An ideal fixed-area turbojet is operated where [tex]\pi_c=15,M_o=0.8,T_o=260K, T_{t4}=2000 K[/tex], and [tex]P_o=20000 Pa[/tex]. Mass flow rate of air processed by this engine at on-design is 100 kg/sec.

What will be the performance of this engine (thrust, fuel consumption) compared to the on-design conditions if it is flown at a Mach of 0.3 and at an altitude where temperature and pressure are 288K and 101325 Pa.
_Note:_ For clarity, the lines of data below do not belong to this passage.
lemma corner_piece_neighbours_meet:
  assumes q: "q \<in> unit_corners" "q \<in> F"
    and zs: "zs \<in> unit_corners" "zs \<noteq> q" "zs \<notin> F" and others: "\<And>z. z \<in> unit_corners \<Longrightarrow> z \<noteq> zs \<Longrightarrow> z \<in> F"
    and unique_h: "zs = (1 - fst q, snd q) \<Longrightarrow> \<forall>s. (s, snd q) \<in> F \<longrightarrow> (s, 1 - snd q) \<in> F \<longrightarrow> s = fst q"
    and unique_v: "zs = (fst q, 1 - snd q) \<Longrightarrow> \<forall>s. (fst q, s) \<in> F \<longrightarrow> (1 - fst q, s) \<in> F \<longrightarrow> s = snd q"
    and d: "d1 \<in> D - {corner_cell q}" "d2 \<in> D - {corner_cell q}" "d1 \<noteq> d2"
    and meet: "gsc_map N (corner_cell q) ` F \<inter> gsc_map N d1 ` F \<noteq> {}"
      "gsc_map N (corner_cell q) ` F \<inter> gsc_map N d2 ` F \<noteq> {}"
  shows "gsc_map N d1 ` F \<inter> gsc_map N d2 ` F \<noteq> {}"
proof -
  let ?h = "horizontal_neighbour q" and ?v = "vertical_neighbour q" and ?g = "diagonal_neighbour q"
  have qc: "fst q = 0 \<or> fst q = 1" "snd q = 0 \<or> snd q = 1"
    using unit_cornersD[OF q(1)] by auto
  have ne: "(1 - fst q, 1 - snd q) \<noteq> (1 - fst q, snd q)" "(1 - fst q, 1 - snd q) \<noteq> (fst q, 1 - snd q)"
    "(1 - fst q, snd q) \<noteq> (fst q, 1 - snd q)"
    using qc by auto
  have d1: "d1 = ?h \<or> d1 = ?v \<or> (d1 = ?g \<and> (1 - fst q, 1 - snd q) \<in> F)"
    and d2: "d2 = ?h \<or> d2 = ?v \<or> (d2 = ?g \<and> (1 - fst q, 1 - snd q) \<in> F)"
    using corner_piece_neighbour_cases[OF q(1) _ _ meet(1)] corner_piece_neighbour_cases[OF q(1) _ _ meet(2)] d
    by blast+
  consider (diagonal) "zs = (1 - fst q, 1 - snd q)" | (horizontal) "zs = (1 - fst q, snd q)"
    | (vertical) "zs = (fst q, 1 - snd q)"
    using unit_corners_other[OF q(1) zs(1,2)] by blast
  then show ?thesis
  proof cases
    case diagonal
    then have "(1 - fst q, snd q) \<in> F" "(fst q, 1 - snd q) \<in> F"
      using others unit_corners_flip[OF q(1)] ne by auto
    moreover have "{d1, d2} = {?h, ?v}"
      using d1 d2 d(3) zs(3) diagonal by auto
    ultimately show ?thesis
      using horizontal_vertical_neighbours_meet[OF q(1)] by (auto simp: doubleton_eq_iff Int_commute)
  next
    case horizontal
    then have F: "(1 - fst q, 1 - snd q) \<in> F" "(fst q, 1 - snd q) \<in> F"
      using others unit_corners_flip[OF q(1)] ne by auto
    then have "?h \<notin> D"
      using horizontal_neighbour_notin_D[OF q unique_h[OF horizontal]] by blast
    then have "{d1, d2} = {?v, ?g}"
      using d1 d2 d by auto
    then show ?thesis
      using vertical_diagonal_neighbours_meet[OF q(1) F] by (auto simp: doubleton_eq_iff Int_commute)
  next
    case vertical
    then have F: "(1 - fst q, 1 - snd q) \<in> F" "(1 - fst q, snd q) \<in> F"
      using others unit_corners_flip[OF q(1)] ne by auto
    then have "?v \<notin> D"
      using vertical_neighbour_notin_D[OF q unique_v[OF vertical]] by blast
    then have "{d1, d2} = {?h, ?g}"
      using d1 d2 d by auto
    then show ?thesis
      using horizontal_diagonal_neighbours_meet[OF q(1) F] by (auto simp: doubleton_eq_iff Int_commute)
  qed
qed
Furthermore, the fuel throttle is set such that [tex]T_{t4}=1500 K[/tex] at this off-design point. Assume that [tex]A_9[/tex] is varied to keep [tex]P_9=P_o[/tex].


Homework Equations


[tex]
\tau_r=1+\frac{(\gamma-1)}{2}M_o^2
[/tex]

[tex]
\pi_r=\tau_r^{\frac{\gamma}{\gamma-1}}
[/tex]

[tex]
\tau_c=\pi_c^{\frac{\gamma-1}{\gamma}}
[/tex]

[tex]
\tau_\lambda=\frac{T_{t4}}{T_o}
[/tex]

[tex]
\pi_t=\tau_t^{\frac{\gamma}{\gamma-1}}
[/tex]

[tex]
\frac{T_{t3}}{T_o}=\tau_r{\tau_c}
[/tex]

[tex]
a_o=\sqrt{\gamma{R}{T_o}}
[/tex]

[tex]
U_o=a_o{M_o}
[/tex]

[tex]
U_9=a_o\left[\frac{2}{\gamma-1}{\tau_\lambda}{\tau_t}\left[1-\left({\pi_r}{\pi_d}{\pi_c}{\pi_b}{\pi_t}{\pi_N}\right)^{-\frac{(\gamma-1)}{\gamma}}\right]\right]^{1/2}
[/tex]

[tex]
\frac{THRUST}{\dot{m}}=U_9-U_o
[/tex]


[tex]
\dot{m_f}h=(\dot{m_a}+\dot{m_f})C_p{T_{t4}}-\dot{m_a}C_o{T_{t3}}
[/tex]


The Attempt at a Solution


So the givens for on-design analysis:

[tex]\pi_c=15[/tex]

[tex]M_o=0.8[/tex]

[tex]T_o=260 K[/tex]

[tex]T_{t4}=2000 K[/tex]

[tex]P_o=20,000 Pa[/tex]

[tex]\dot{m_a}=100 kg/s[/tex]

[tex]h=4.5 *10^7[/tex]

[tex]C_p=1004[/tex]

Solving for each variable I get the following:

[tex]\tau_r=1.128[/tex]

[tex]\pi_r=1.524[/tex]

[tex]\tau_c=2.168[/tex]

[tex]\tau_\lambda=7.69[/tex]

[tex]\tau_t=.829[/tex]

[tex]\pi_t=.519[/tex]

Re-arranging [tex]\frac{T_{t3}}{T_o}[/tex] to solve for [tex]T_{t3}[/tex] I get 635.83 K

[tex]a_o=322.65 m/s[/tex]

[tex]U_o=258.12 m/s[/tex]

Assuming unknown [tex]\pi{'s}=1[/tex], then

[tex]U_9=1296.38 m/s[/tex]

Solving for THRUST I get 103,826 N

And finally

[tex]\dot{m_f}=3.185 kg/s[/tex]

Now for the off-design:

[tex]M_o=0.3[/tex]

[tex]T_o=288 K[/tex]

[tex]T_{t4}=1500 K[/tex]

[tex]P_o=101325 Pa[/tex]

[tex]h=4.5 *10^7[/tex]

[tex]C_p=1004[/tex]

For off-design we keep [tex]\tau_t[/tex] the same value for on-design, so
[tex]\tau_t=.829[/tex]

[tex]\pi_t=.519[/tex]

Solving for each variable I get the following:

[tex]\tau_r=1.018[/tex]

[tex]\pi_r=1.064[/tex]

[tex]/tau_c=1.875[/tex]

[tex]\tau_\lambda=5.21[/tex]

[tex]T_{t3}=549.72 K[/tex]

[tex]a_o=339.58 m/s[/tex]

[tex]U_o=101.87 m/s[/tex]

[tex]U_9=957.36 m/s[/tex]

And now I need to calculate thrust but I need to find [tex]\dot{m_a}[/tex] first.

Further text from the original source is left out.